%%

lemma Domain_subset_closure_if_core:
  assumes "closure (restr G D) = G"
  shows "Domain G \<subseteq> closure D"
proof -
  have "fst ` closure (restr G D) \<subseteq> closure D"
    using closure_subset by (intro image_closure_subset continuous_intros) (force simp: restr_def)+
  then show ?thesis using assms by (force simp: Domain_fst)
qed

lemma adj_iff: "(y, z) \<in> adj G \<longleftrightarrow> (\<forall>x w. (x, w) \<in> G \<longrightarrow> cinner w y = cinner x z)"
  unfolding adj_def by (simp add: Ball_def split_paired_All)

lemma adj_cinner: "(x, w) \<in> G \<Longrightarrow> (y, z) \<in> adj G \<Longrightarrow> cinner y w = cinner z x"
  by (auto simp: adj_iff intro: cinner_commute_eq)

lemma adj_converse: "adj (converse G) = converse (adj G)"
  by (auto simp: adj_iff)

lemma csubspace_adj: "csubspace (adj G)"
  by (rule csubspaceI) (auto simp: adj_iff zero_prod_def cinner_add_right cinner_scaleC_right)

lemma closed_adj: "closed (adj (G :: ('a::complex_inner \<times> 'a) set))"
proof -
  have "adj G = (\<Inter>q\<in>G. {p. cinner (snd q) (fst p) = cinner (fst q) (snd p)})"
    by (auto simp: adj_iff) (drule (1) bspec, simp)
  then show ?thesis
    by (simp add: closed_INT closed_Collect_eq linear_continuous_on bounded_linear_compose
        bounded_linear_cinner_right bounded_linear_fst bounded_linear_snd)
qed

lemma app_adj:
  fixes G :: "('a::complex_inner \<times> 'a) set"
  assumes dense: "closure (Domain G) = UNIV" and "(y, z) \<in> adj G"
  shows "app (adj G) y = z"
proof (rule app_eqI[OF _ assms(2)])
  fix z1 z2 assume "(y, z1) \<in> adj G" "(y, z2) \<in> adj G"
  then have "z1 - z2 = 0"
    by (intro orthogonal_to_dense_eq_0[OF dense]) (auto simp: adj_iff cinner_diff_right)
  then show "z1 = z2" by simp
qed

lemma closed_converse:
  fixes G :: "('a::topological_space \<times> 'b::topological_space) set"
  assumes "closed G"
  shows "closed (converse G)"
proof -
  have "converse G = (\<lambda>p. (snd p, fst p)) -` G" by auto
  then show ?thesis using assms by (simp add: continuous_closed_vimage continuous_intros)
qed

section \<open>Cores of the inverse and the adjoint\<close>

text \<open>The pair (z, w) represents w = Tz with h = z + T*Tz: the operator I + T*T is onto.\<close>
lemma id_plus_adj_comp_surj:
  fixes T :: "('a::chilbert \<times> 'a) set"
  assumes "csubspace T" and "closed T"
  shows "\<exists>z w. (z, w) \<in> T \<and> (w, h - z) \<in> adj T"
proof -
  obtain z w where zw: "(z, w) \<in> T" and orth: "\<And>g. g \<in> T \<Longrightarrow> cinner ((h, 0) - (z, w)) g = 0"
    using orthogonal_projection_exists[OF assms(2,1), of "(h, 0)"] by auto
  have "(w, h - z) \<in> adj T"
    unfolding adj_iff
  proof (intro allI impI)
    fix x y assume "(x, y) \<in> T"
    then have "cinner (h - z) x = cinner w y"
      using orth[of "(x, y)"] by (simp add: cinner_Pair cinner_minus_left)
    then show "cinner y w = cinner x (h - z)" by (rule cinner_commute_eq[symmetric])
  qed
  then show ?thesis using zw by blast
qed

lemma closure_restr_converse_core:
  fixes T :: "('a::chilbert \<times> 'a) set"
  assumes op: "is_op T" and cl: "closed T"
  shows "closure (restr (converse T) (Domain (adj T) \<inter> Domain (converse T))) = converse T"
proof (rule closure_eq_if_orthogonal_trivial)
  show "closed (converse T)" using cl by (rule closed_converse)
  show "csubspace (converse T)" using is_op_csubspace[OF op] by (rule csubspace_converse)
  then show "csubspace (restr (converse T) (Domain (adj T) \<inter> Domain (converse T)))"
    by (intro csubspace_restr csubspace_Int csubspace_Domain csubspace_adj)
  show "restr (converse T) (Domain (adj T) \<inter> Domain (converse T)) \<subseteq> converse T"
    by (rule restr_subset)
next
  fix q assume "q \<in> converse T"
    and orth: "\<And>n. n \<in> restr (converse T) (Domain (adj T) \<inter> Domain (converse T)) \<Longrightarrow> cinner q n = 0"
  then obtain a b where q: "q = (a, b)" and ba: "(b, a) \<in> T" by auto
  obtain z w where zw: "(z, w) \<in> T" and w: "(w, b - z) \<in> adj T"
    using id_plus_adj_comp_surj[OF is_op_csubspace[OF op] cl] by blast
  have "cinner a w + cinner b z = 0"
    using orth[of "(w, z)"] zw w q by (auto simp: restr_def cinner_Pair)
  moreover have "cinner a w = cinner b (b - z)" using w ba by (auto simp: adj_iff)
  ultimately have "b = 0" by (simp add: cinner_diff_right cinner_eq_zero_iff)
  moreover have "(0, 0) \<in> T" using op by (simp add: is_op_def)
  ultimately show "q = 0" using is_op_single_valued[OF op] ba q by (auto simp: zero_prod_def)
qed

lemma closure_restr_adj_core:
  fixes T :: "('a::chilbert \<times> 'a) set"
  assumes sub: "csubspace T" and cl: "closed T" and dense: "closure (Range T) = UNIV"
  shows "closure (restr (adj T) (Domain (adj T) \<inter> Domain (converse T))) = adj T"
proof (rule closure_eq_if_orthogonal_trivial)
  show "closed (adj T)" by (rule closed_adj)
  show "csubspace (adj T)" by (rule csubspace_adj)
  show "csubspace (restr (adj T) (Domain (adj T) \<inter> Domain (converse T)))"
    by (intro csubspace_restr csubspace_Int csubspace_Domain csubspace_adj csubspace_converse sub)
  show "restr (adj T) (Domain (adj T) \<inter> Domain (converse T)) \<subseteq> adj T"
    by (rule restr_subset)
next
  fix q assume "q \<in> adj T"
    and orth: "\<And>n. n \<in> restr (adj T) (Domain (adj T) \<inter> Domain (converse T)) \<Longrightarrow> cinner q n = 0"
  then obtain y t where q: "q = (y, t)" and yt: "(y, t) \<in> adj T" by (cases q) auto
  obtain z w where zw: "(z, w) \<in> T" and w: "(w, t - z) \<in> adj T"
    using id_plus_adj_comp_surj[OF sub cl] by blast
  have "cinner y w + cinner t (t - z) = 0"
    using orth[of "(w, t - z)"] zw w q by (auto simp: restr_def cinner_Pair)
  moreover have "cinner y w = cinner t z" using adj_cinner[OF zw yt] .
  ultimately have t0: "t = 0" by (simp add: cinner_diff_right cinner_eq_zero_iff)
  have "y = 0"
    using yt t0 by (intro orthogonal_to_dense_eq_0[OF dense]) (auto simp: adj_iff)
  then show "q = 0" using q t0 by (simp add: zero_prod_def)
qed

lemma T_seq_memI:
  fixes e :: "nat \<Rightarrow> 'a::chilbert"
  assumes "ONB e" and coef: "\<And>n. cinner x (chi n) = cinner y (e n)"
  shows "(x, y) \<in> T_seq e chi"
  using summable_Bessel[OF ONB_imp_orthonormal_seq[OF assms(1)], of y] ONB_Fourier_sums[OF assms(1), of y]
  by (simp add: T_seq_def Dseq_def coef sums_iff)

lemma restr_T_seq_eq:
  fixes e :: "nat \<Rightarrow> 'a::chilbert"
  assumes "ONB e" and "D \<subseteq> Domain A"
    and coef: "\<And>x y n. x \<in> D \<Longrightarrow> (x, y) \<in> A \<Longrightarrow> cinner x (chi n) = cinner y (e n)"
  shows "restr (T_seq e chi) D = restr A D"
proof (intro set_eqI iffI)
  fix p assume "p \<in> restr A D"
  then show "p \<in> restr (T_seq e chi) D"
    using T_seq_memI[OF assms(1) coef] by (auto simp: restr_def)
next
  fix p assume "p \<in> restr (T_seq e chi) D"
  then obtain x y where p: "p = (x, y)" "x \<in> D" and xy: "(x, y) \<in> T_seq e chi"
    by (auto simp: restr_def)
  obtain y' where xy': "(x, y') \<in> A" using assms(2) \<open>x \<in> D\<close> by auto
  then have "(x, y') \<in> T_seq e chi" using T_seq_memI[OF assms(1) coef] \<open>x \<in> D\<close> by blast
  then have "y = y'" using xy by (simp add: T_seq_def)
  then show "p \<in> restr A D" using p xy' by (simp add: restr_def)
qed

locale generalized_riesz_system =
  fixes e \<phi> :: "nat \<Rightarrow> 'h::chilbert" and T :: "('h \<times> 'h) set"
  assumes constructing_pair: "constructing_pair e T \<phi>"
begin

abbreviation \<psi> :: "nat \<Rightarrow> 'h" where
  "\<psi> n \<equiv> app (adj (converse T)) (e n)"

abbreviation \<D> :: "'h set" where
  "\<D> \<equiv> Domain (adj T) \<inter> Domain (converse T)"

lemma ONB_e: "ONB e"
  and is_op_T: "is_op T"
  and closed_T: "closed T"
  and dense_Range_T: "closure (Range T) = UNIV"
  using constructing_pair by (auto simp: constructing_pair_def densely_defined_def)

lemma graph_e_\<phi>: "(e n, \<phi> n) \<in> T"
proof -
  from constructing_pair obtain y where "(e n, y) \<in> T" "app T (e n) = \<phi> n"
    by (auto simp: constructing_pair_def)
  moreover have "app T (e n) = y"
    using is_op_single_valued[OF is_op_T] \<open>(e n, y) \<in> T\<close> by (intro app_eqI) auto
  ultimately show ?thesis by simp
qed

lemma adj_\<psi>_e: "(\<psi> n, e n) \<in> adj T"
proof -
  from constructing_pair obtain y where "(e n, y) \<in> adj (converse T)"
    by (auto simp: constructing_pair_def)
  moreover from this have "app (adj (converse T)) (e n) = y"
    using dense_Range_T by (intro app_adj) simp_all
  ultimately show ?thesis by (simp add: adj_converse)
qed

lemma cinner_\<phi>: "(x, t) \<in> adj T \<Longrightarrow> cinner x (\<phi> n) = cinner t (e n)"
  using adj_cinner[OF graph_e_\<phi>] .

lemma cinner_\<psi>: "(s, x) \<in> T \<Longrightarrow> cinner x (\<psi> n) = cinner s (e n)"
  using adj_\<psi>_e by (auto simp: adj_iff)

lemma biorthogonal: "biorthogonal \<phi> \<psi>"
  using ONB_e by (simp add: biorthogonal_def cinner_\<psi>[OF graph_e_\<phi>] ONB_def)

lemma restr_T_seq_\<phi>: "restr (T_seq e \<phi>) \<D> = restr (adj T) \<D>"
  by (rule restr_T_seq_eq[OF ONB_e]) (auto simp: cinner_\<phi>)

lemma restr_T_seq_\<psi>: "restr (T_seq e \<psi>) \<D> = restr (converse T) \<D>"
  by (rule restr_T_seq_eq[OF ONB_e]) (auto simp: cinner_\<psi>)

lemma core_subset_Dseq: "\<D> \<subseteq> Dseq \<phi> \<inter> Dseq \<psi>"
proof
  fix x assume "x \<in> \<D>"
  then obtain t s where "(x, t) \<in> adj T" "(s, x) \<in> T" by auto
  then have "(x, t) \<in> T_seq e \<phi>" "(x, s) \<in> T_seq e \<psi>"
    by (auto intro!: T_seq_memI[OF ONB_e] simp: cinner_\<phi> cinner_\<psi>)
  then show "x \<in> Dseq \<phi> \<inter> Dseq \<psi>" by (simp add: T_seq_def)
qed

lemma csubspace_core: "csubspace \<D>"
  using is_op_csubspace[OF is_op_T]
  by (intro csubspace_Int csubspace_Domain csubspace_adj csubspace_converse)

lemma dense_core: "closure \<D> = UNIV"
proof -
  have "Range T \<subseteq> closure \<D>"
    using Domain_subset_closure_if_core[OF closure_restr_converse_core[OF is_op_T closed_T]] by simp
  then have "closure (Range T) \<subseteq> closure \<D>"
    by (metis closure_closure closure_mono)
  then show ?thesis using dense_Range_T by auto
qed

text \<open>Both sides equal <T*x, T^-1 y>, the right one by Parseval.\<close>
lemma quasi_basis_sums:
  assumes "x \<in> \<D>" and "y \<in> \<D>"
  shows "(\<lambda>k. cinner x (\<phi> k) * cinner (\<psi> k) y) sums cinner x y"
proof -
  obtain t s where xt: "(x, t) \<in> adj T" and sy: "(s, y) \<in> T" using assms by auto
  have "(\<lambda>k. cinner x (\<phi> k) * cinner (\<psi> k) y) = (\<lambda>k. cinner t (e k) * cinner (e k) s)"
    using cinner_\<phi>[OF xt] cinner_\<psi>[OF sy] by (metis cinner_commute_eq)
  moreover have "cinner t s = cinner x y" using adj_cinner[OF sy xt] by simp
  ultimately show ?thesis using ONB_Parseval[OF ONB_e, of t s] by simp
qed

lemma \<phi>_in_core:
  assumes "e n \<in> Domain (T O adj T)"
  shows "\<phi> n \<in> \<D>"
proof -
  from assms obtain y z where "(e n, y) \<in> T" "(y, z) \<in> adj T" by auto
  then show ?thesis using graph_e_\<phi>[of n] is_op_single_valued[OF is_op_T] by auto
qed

%%

* **Exercise directions**: Working from the records above, tally the lines that contain "unfolding" and give only the total.

* **Task solution**: 2